YOUR OBJECTIVE
Word for word, transcribe the material below from its first line to the line with "8 .. \<lfloor>8 * reach", both included.

SUPPLIED RECORDS
definition next_cells :: "int \<times> int \<Rightarrow> (int \<times> int) set" where
  "next_cells \<tau> = {fst \<tau> + 8 .. \<lfloor>8 * reach (fst \<tau>)\<rfloor>}
     \<times> {\<lfloor>- 8 * reach (fst \<tau>) powr (1 / p)\<rfloor> .. \<lfloor>8 * reach (fst \<tau>) powr (1 / p)\<rfloor>}"

fun admissible :: "nat \<Rightarrow> (int \<times> int) list set" where
  "admissible 0 = (\<lambda>\<tau>. [\<tau>]) ` start_cells"
| "admissible (Suc K) = (\<lambda>(\<sigma>, \<tau>). \<sigma> @ [\<tau>]) ` (SIGMA \<sigma>:admissible K. next_cells (last \<sigma>))"

(* A trapped itinerary starts in a start cell, since E^N(kappa) lies in Q right of xi. *)
lemma itin_start:
  assumes \<kappa>: "\<kappa> \<in> trapped"
  shows "cell (Eiter N \<kappa>) \<in> start_cells"
proof -
  have "Eiter N \<kappa> \<in> open_square c (pi / 4)"
    using \<kappa> by (auto simp: trapped_def \<Lambda>_def)
  then have "\<bar>Re (Eiter N \<kappa>) - Re c\<bar> < 1" "\<bar>Im (Eiter N \<kappa>) - Im c\<bar> < 1"
    using pi_less_4 by (auto simp: open_square_def)
  moreover have "\<xi> < Re (Eiter N \<kappa>)"
    using trapped_orbit(2)[OF \<kappa>, of 0] by simp
  ultimately have "\<lfloor>8 * \<xi>\<rfloor> \<le> \<lfloor>8 * Re (Eiter N \<kappa>)\<rfloor>"
    "\<lfloor>8 * Re (Eiter N \<kappa>)\<rfloor> \<le> \<lfloor>8 * Re c + 8\<rfloor>"
    "\<lfloor>8 * Im c - 8\<rfloor> \<le> \<lfloor>8 * Im (Eiter N \<kappa>)\<rfloor>"
    "\<lfloor>8 * Im (Eiter N \<kappa>)\<rfloor> \<le> \<lfloor>8 * Im c + 8\<rfloor>"
    by (intro floor_mono; simp)+
  then show ?thesis
    unfolding start_cells_def cell_def by (simp only: mem_Times_iff fst_conv snd_conv atLeastAtMost_iff)
qed

lemma itin_next:
  assumes \<kappa>: "\<kappa> \<in> trapped"
  shows "cell (Eiter (N + Suc K) \<kappa>) \<in> next_cells (cell (Eiter (N + K) \<kappa>))"
proof -
  define u where "u = Eiter (N + K) \<kappa>"
  define w where "w = Eiter (N + Suc K) \<kappa>"
  define m where "m = fst (cell u)"
  have grow: "Re u + 1 \<le> Re w" "norm w \<le> exp (Re u) + M"
    using orbit_growth[OF \<kappa>, of K] by (auto simp: u_def w_def)
  have "Re u < (of_int m + 1) / 8"
    using cell_Re_bounds(2)[of u] by (simp add: m_def field_simps)
  then have "exp (Re u) \<le> exp ((of_int m + 1) / 8)"
    by simp
  then have "Re w \<le> reach m"
    using complex_Re_le_cmod[of w] grow(2) unfolding reach_def by linarith
  moreover have "0 < Re w"
    using trapped_orbit(2)[OF \<kappa>, of "Suc K"] \<xi> M by (simp add: w_def)
  ultimately have "\<bar>Im w\<bar> < reach m powr (1 / p)"
    using trapped_orbit(3)[OF \<kappa>, of "Suc K"] p powr_mono2[of "1 / p" "Re w" "reach m"]
    by (simp add: w_def)
  moreover have "m + 8 \<le> \<lfloor>8 * Re w\<rfloor>"
    using grow(1) floor_mono[of "8 * Re u + 8" "8 * Re w"] by (simp add: m_def cell_def)
  moreover note \<open>Re w \<le> reach m\<close>
  ultimately show ?thesis
    unfolding next_cells_def by (auto simp: cell_def m_def u_def w_def intro!: floor_mono)
qed

lemma itin_admissible: "\<kappa> \<in> trapped \<Longrightarrow> itin K \<kappa> \<in> admissible K"
proof (induction K)
  case 0
  then show ?case using itin_start by (simp add: itin_0)
next
  case (Suc K)
  then have "(itin K \<kappa>, cell (Eiter (N + Suc K) \<kappa>)) \<in> (SIGMA \<sigma>:admissible K. next_cells (last \<sigma>))"
    using itin_next by (simp add: itin_last)
  then show ?case by (simp add: itin_Suc image_iff)
qed

lemma admissible_last:
  "\<sigma> \<in> admissible K \<Longrightarrow> \<sigma> \<noteq> [] \<and> \<lfloor>8 * \<xi>\<rfloor> + 8 * int K \<le> fst (last \<sigma>)"
proof (induction K arbitrary: \<sigma>)
  case 0
  then show ?case by (auto simp: start_cells_def)
next
  case (Suc K)
  then obtain \<sigma>' \<tau> where "\<sigma> = \<sigma>' @ [\<tau>]" "\<sigma>' \<in> admissible K" "\<tau> \<in> next_cells (last \<sigma>')"
    by auto
  then show ?case using Suc.IH[of \<sigma>'] by (auto simp: next_cells_def)
qed

lemma finite_admissible: "finite (admissible K)"
  by (induction K) (auto simp: start_cells_def next_cells_def)

(* The number of possible successors of a cell in column m is O(R^(1+1/p)) with
   R = reach m, because the next point lies in P_{p,xi} and has modulus at most R. *)
lemma card_next_cells_reach:
  assumes m: "0 \<le> fst \<tau>"
  shows "real (card (next_cells \<tau>)) \<le> 144 * reach (fst \<tau>) powr (1 + 1 / p)"
proof -
  define R where "R = reach (fst \<tau>)"
  define S where "S = R powr (1 / p)"
  have "1 \<le> exp ((of_int (fst \<tau>) + 1) / 8 :: real)"
    using m by simp
  then have R1: "1 \<le> R" using M unfolding R_def reach_def by linarith
  then have S1: "1 \<le> S" unfolding S_def using p by (intro ge_one_powr_ge_zero) auto
  have "real (card {fst \<tau> + 8 .. \<lfloor>8 * R\<rfloor>}) \<le> 8 * R"
    using floor_correct[of "8 * R"] m R1 by (intro card_int_interval_le) linarith+
  moreover have "real (card {\<lfloor>- 8 * S\<rfloor> .. \<lfloor>8 * S\<rfloor>}) \<le> 18 * S"
    using floor_correct[of "8 * S"] floor_correct[of "- 8 * S"] S1
    by (intro card_int_interval_le) linarith+
  moreover have "card (next_cells \<tau>) = card {fst \<tau> + 8 .. \<lfloor>8 * R\<rfloor>} * card {\<lfloor>- 8 * S\<rfloor> .. \<lfloor>8 * S\<rfloor>}"
    by (simp add: next_cells_def R_def S_def card_cartesian_product)
  ultimately have "real (card (next_cells \<tau>)) \<le> (8 * R) * (18 * S)"
    by (simp only: of_nat_mult) (intro mult_mono; simp)
  also have "\<dots> = 144 * R powr (1 + 1 / p)"
    using R1 by (simp add: S_def powr_add)
  finally show ?thesis by (simp add: R_def)
qed

lemma card_next_cells:
  assumes m: "\<lfloor>8 * \<xi>\<rfloor> \<le> fst \<tau>"
  shows "real (card (next_cells \<tau>)) \<le> 1152 * exp ((1 + 1 / p) * (of_int (fst \<tau>) / 8))"
proof -
  define x :: real where "x = of_int (fst \<tau>) / 8"
  have "8 * \<xi> - 1 < of_int (fst \<tau>)"
    using m floor_correct[of "8 * \<xi>"] by linarith
  then have x: "\<xi> - 1/8 \<le> x" by (simp add: x_def)
  have "1 + (x + 1/8) \<le> exp (x + 1/8)" by (rule exp_ge_add_one_self)
  then have R: "1 \<le> reach (fst \<tau>)" "reach (fst \<tau>) \<le> 2 * exp (x + 1/8)"
    using x \<xi> M by (auto simp: reach_def x_def add_divide_distrib)
  have "0 \<le> fst \<tau>"
    using x \<xi> M by (simp add: x_def)
  then have "real (card (next_cells \<tau>)) \<le> 144 * reach (fst \<tau>) powr (1 + 1 / p)"
    by (rule card_next_cells_reach)
  also have "reach (fst \<tau>) powr (1 + 1 / p) \<le> (2 * exp (x + 1/8)) powr (1 + 1 / p)"
    using R p by (intro powr_mono2) auto
  also have "\<dots> = 2 powr (1 + 1 / p) * exp ((1 + 1 / p) * x) * exp ((1 + 1 / p) / 8)"
    by (simp add: powr_mult exp_powr_real algebra_simps flip: exp_add)
  also have "\<dots> \<le> 4 * exp ((1 + 1 / p) * x) * 2"
  proof (intro mult_mono)
    have "2 powr (1 + 1 / p) \<le> 2 powr (2::real)" using p by (intro powr_mono) auto
    then show "2 powr (1 + 1 / p) \<le> 4" by simp
    have "1 / p \<le> 1" using p by simp
    then have "exp ((1 + 1 / p) / 8) \<le> exp (1 / 2)" by simp
    then show "exp ((1 + 1 / p) / 8) \<le> (2::real)" using exp_half_le2 by linarith
  qed auto
  finally show ?thesis by (simp add: x_def)
qed

(* Weighting each successor by contr^s gives a factor that decays geometrically in
   the level K as soon as s > 1 + 1/p; this is where the exponent 1 + 1/p comes from. *)
definition level_factor :: "real \<Rightarrow> nat \<Rightarrow> real" where
  "level_factor s K = 1152 * 8 powr s * exp (- (s - 1 - 1 / p) * (\<xi> - 1/8 + real K))"
lemma Kinf_tendsto_0_iff:
  assumes a: "Kinf a" and r: "\<And>j. 0 \<le> r j"
  shows "((\<lambda>j. a (r j)) \<longlongrightarrow> 0) F \<longleftrightarrow> (r \<longlongrightarrow> 0) F"
proof
  assume lim: "((\<lambda>j. a (r j)) \<longlongrightarrow> 0) F"
  show "(r \<longlongrightarrow> 0) F"
  proof (rule order_tendstoI)
    fix e :: real assume "0 < e"
    then have "\<forall>\<^sub>F j in F. a (r j) < a e"
      using order_tendstoD(2)[OF lim] Kinf_pos[OF a] by blast
    then show "\<forall>\<^sub>F j in F. r j < e"
      by (rule eventually_mono) (meson Kinf_mono[OF a] \<open>0 < e\<close> less_imp_le not_le)
  qed (use r in \<open>auto intro: always_eventually less_le_trans[of _ 0]\<close>)
next
  assume "(r \<longlongrightarrow> 0) F"
  moreover have "continuous_on {0..} a" "a 0 = 0" using a unfolding Kinf_def by auto
  ultimately show "((\<lambda>j. a (r j)) \<longlongrightarrow> 0) F"
    using continuous_on_tendsto_compose[of "{0..}" a r 0 F] r by auto
qed

lemma sum_le_of_decrement:
  fixes W c :: "nat \<Rightarrow> real"
  assumes "\<And>k. W (Suc k) + c k \<le> W k"
  shows "(\<Sum>k<n. c k) \<le> W 0 - W n"
proof (induction n)
  case (Suc n)
  then show ?case using assms[of n] by simp
qed simp

lemma summable_of_decrement:
  fixes W c :: "nat \<Rightarrow> real"
  assumes "\<And>k. W (Suc k) + c k \<le> W k" "\<And>k. 0 \<le> c k" "\<And>k. b \<le> W k"
  shows "summable c"
proof (rule summableI_nonneg_bounded)
  show "(\<Sum>k<n. c k) \<le> W 0 - b" for n
    using sum_le_of_decrement[of W c n, OF assms(1)] assms(3)[of n] by linarith
qed (fact assms(2))

lemma tendsto_of_summable_Kinf:
  fixes x :: "nat \<Rightarrow> 'a::real_normed_vector"
  assumes a: "Kinf a" and "summable (\<lambda>k. a (norm (x k - xe)))"
  shows "x \<longlonglongrightarrow> xe"
proof -
  have "(\<lambda>k. a (norm (x k - xe))) \<longlonglongrightarrow> 0"
    using assms(2) by (rule summable_LIMSEQ_zero)
  then have "(\<lambda>k. norm (x k - xe)) \<longlonglongrightarrow> 0"
    using Kinf_tendsto_0_iff[OF a, of "\<lambda>k. norm (x k - xe)"] by simp
  then show ?thesis
    by (simp add: tendsto_norm_zero_iff LIM_zero_iff)
qed

lemma continuous_within_of_Kinf_bound:
  fixes lam :: "'a::real_normed_vector \<Rightarrow> real"
  assumes g: "Kinf g" and bound: "\<forall>x\<in>X. \<bar>lam x - lam xe\<bar> \<le> g (norm (x - xe))"
  shows "continuous (at xe within X) lam"
proof -
  have "((\<lambda>x. norm (x - xe)) \<longlongrightarrow> 0) (at xe within X)"
    by (intro tendsto_norm_zero LIM_zero tendsto_ident_at)
  then have g_lim: "((\<lambda>x. g (norm (x - xe))) \<longlongrightarrow> 0) (at xe within X)"
    using Kinf_tendsto_0_iff[OF g, of "\<lambda>x. norm (x - xe)"] by simp
  have "\<forall>\<^sub>F x in at xe within X. norm (lam x - lam xe) \<le> g (norm (x - xe))"
    using bound by (intro eventually_at_topological[THEN iffD2] exI[of _ UNIV]) simp
  then have "((\<lambda>x. lam x - lam xe) \<longlongrightarrow> 0) (at xe within X)"
    using g_lim by (rule Lim_null_comparison)
  then show ?thesis
    by (simp add: continuous_within LIM_zero_iff)
qed
lemma exists_large_component:
  fixes F G :: "nat \<Rightarrow> complex"
  assumes "(\<Sum>i<N. G i * F i) = 1"
  shows "\<exists>i<N. 1 / (1 + (\<Sum>i<N. cmod (G i))) \<le> cmod (F i)"
proof (rule ccontr)
  define B where "B = 1 + (\<Sum>i<N. cmod (G i))"
  have B: "0 < B" unfolding B_def by (simp add: add_pos_nonneg sum_nonneg)
  assume "\<not> (\<exists>i<N. 1 / (1 + (\<Sum>i<N. cmod (G i))) \<le> cmod (F i))"
  then have small: "cmod (F i) \<le> 1 / B" if "i < N" for i
    using that by (auto simp: B_def)
  have "1 = cmod (\<Sum>i<N. G i * F i)" using assms by simp
  also have "\<dots> \<le> (\<Sum>i<N. cmod (G i) * cmod (F i))"
    by (rule order_trans[OF norm_sum]) (simp add: norm_mult)
  also have "\<dots> \<le> (\<Sum>i<N. cmod (G i) * (1 / B))"
    by (intro sum_mono mult_left_mono small) auto
  also have "\<dots> = (B - 1) / B" unfolding B_def by (simp add: sum_divide_distrib)
  also have "\<dots> < 1" using B by (simp add: divide_less_eq)
  finally show False by simp
qed

definition aligned_conj :: "(nat \<Rightarrow> complex) \<Rightarrow> nat \<Rightarrow> complex" where
  "aligned_conj F i = (if i = 0 then 1 else (if F 0 = 0 then 1 else sgn (F 0)) * cnj (F i))"

lemma norm_aligned_conj: "i \<noteq> 0 \<Longrightarrow> cmod (aligned_conj F i) = cmod (F i)"
  by (simp add: aligned_conj_def norm_mult norm_sgn)

lemma norm_aligned_conj_pairing:
  assumes "0 < N"
  shows "cmod (\<Sum>i<N. aligned_conj F i * F i) = cmod (F 0) + (\<Sum>i\<in>{1..<N}. (cmod (F i))\<^sup>2)"
proof -
  define w where "w = (if F 0 = 0 then 1 else sgn (F 0))"
  define R where "R = cmod (F 0) + (\<Sum>i\<in>{1..<N}. (cmod (F i))\<^sup>2)"
  have R: "0 \<le> R" unfolding R_def by (simp add: sum_nonneg)
  have F0: "F 0 = w * of_real (cmod (F 0))"
    by (cases "F 0 = 0") (simp_all add: w_def sgn_eq)
  have "{..<N} = insert 0 {1..<N}" using assms by auto
  then have "(\<Sum>i<N. aligned_conj F i * F i) = F 0 + (\<Sum>i\<in>{1..<N}. w * (F i * cnj (F i)))"
    by (simp add: aligned_conj_def w_def mult_ac)
  also have "\<dots> = F 0 + (\<Sum>i\<in>{1..<N}. w * of_real ((cmod (F i))\<^sup>2))"
    by (simp only: complex_norm_square)
  also have "\<dots> = w * of_real R"
    unfolding R_def by (subst F0) (simp add: sum_distrib_left[symmetric] distrib_left)
  finally have "cmod (\<Sum>i<N. aligned_conj F i * F i) = cmod w * \<bar>R\<bar>"
    by (simp only: norm_mult norm_of_real)
  moreover have "cmod w = 1" by (simp add: w_def norm_sgn)
  ultimately show ?thesis using R by (simp add: R_def)
qed

lemma aligned_conj_pairing_lower_bound:
  fixes F G :: "nat \<Rightarrow> complex"
  assumes "(\<Sum>i<N. G i * F i) = 1"
  shows "1 / (1 + (\<Sum>i<N. cmod (G i)))\<^sup>2 \<le> cmod (\<Sum>i<N. aligned_conj F i * F i)"
proof -
  define B where "B = 1 + (\<Sum>i<N. cmod (G i))"
  have B: "1 \<le> B" unfolding B_def by (simp add: sum_nonneg)
  obtain i where i: "i < N" and large: "1 / B \<le> cmod (F i)"
    using exists_large_component[OF assms] by (auto simp: B_def)
  have "1 / B\<^sup>2 \<le> cmod (F 0) + (\<Sum>i\<in>{1..<N}. (cmod (F i))\<^sup>2)"
  proof (cases "i = 0")
    case True
    have "1 / B\<^sup>2 \<le> 1 / B" using B by (simp add: divide_simps power2_eq_square)
    moreover have "0 \<le> (\<Sum>i\<in>{1..<N}. (cmod (F i))\<^sup>2)" by (simp add: sum_nonneg)
    ultimately show ?thesis using large[unfolded True] by linarith
  next
    case False
    have "1 / B\<^sup>2 \<le> (cmod (F i))\<^sup>2"
      using large B by (metis power_mono power_one_over zero_le_divide_1_iff zero_le_one order_trans)
    also have "\<dots> \<le> (\<Sum>i\<in>{1..<N}. (cmod (F i))\<^sup>2)"
      using False i by (intro member_le_sum) auto
    finally show ?thesis using norm_ge_zero[of "F 0"] by linarith
  qed
  with i show ?thesis by (simp add: norm_aligned_conj_pairing B_def)
qed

PROBLEM SOLUTION
definition next_cells :: "int \<times> int \<Rightarrow> (int \<times> int) set" where
  "next_cells \<tau> = {fst \<tau> + 8 .. \<lfloor>8 * reach (fst \<tau>)\<rfloor>}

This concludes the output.